Segment Start: Recorded data

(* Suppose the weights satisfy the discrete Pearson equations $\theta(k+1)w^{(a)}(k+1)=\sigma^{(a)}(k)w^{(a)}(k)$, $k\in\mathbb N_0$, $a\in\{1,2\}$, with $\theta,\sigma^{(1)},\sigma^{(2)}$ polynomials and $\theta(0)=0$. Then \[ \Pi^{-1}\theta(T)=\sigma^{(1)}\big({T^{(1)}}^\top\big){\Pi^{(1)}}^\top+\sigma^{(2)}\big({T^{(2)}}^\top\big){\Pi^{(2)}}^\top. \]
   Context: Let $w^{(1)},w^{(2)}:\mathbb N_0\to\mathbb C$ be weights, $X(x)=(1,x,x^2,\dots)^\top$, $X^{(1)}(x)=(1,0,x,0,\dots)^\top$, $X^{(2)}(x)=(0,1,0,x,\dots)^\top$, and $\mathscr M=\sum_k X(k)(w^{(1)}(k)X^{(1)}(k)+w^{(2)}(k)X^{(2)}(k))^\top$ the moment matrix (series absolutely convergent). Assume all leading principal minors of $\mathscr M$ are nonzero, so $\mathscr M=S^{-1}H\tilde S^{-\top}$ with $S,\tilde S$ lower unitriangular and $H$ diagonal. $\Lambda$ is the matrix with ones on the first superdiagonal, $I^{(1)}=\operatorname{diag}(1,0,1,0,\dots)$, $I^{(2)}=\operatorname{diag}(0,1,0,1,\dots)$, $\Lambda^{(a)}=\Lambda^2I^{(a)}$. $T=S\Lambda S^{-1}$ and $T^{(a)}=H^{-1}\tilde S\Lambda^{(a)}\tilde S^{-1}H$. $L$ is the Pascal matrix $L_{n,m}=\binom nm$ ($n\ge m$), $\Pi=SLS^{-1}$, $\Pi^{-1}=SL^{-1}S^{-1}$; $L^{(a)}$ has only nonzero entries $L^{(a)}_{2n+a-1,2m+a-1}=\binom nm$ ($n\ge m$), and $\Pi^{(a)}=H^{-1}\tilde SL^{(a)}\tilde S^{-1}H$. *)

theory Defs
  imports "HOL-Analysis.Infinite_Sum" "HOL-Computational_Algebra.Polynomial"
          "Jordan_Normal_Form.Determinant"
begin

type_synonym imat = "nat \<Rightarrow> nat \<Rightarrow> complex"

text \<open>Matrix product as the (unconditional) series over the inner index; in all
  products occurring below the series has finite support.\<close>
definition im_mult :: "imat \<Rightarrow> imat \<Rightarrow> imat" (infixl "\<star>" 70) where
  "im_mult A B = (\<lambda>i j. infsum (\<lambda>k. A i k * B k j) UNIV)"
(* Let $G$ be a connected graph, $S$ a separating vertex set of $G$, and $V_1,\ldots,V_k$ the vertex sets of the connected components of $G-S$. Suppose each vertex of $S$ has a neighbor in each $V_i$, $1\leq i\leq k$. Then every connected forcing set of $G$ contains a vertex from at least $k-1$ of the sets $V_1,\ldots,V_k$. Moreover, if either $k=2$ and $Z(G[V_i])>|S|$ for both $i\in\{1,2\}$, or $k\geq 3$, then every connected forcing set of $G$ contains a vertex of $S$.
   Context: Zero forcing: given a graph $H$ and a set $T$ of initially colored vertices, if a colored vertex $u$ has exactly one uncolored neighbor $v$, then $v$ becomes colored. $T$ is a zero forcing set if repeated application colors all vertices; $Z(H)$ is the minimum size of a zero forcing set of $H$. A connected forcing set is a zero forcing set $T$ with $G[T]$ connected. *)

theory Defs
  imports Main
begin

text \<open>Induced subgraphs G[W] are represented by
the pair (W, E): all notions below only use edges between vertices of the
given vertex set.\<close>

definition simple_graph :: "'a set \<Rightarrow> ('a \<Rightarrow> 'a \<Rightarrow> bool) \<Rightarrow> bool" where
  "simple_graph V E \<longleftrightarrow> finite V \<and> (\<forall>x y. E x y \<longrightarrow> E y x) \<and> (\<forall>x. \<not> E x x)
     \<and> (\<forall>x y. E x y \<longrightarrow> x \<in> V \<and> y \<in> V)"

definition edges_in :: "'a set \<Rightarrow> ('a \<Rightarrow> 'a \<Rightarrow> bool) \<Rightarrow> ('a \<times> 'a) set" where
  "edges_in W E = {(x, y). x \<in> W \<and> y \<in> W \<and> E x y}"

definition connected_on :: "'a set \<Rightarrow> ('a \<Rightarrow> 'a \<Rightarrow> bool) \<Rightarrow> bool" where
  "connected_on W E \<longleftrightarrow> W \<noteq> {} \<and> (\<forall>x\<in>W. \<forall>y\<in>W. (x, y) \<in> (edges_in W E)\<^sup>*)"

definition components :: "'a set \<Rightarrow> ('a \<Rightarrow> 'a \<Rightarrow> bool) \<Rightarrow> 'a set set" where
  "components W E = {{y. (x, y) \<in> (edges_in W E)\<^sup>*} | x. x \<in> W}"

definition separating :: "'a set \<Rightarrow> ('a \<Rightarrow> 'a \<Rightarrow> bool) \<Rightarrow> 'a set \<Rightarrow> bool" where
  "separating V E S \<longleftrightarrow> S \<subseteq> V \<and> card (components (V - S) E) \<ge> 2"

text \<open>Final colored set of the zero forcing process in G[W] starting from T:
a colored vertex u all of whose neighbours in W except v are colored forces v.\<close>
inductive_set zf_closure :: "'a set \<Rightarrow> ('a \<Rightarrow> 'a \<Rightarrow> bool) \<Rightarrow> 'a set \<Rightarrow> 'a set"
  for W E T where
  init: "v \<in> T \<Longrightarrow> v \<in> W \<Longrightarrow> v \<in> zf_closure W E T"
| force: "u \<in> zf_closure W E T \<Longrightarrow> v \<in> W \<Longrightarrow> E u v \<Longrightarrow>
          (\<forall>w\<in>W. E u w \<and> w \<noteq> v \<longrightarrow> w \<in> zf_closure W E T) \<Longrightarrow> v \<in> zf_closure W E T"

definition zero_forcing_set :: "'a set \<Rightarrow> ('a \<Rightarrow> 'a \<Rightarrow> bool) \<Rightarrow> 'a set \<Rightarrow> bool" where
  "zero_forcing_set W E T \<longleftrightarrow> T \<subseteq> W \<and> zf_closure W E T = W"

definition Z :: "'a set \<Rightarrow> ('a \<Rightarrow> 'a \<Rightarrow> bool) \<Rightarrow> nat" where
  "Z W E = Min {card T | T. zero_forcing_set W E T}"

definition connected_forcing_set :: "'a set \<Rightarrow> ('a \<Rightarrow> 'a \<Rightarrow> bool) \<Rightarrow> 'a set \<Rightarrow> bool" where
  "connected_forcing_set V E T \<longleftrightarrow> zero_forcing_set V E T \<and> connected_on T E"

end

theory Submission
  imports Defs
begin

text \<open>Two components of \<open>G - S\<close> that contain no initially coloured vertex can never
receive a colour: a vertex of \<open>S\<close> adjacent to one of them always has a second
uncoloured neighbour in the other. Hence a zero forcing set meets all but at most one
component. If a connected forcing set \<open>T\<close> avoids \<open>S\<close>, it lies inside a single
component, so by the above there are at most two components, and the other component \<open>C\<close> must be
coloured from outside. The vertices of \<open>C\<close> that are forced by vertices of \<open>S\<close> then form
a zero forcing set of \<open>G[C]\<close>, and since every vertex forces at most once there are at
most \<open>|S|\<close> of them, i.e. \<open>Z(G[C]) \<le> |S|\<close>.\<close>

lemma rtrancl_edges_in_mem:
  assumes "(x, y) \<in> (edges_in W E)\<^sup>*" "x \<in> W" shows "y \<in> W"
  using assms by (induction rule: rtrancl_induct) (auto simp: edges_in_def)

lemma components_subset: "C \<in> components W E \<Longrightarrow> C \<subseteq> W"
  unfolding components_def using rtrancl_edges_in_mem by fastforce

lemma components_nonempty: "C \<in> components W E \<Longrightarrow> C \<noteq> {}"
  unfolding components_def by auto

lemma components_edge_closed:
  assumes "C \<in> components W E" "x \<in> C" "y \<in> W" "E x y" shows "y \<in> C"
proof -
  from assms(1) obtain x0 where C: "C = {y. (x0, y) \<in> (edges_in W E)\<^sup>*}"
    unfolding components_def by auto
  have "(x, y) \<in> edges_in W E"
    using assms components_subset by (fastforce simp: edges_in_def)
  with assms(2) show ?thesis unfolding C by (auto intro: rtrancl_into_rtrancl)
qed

Segment End: Recorded data

Requirement: The line with "y) \<in> edges_in" and every line after it up to the end of the entries: output those exactly, and only those.

Response to this task:
  have "(x, y) \<in> edges_in W E"
    using assms components_subset by (fastforce simp: edges_in_def)
  with assms(2) show ?thesis unfolding C by (auto intro: rtrancl_into_rtrancl)
qed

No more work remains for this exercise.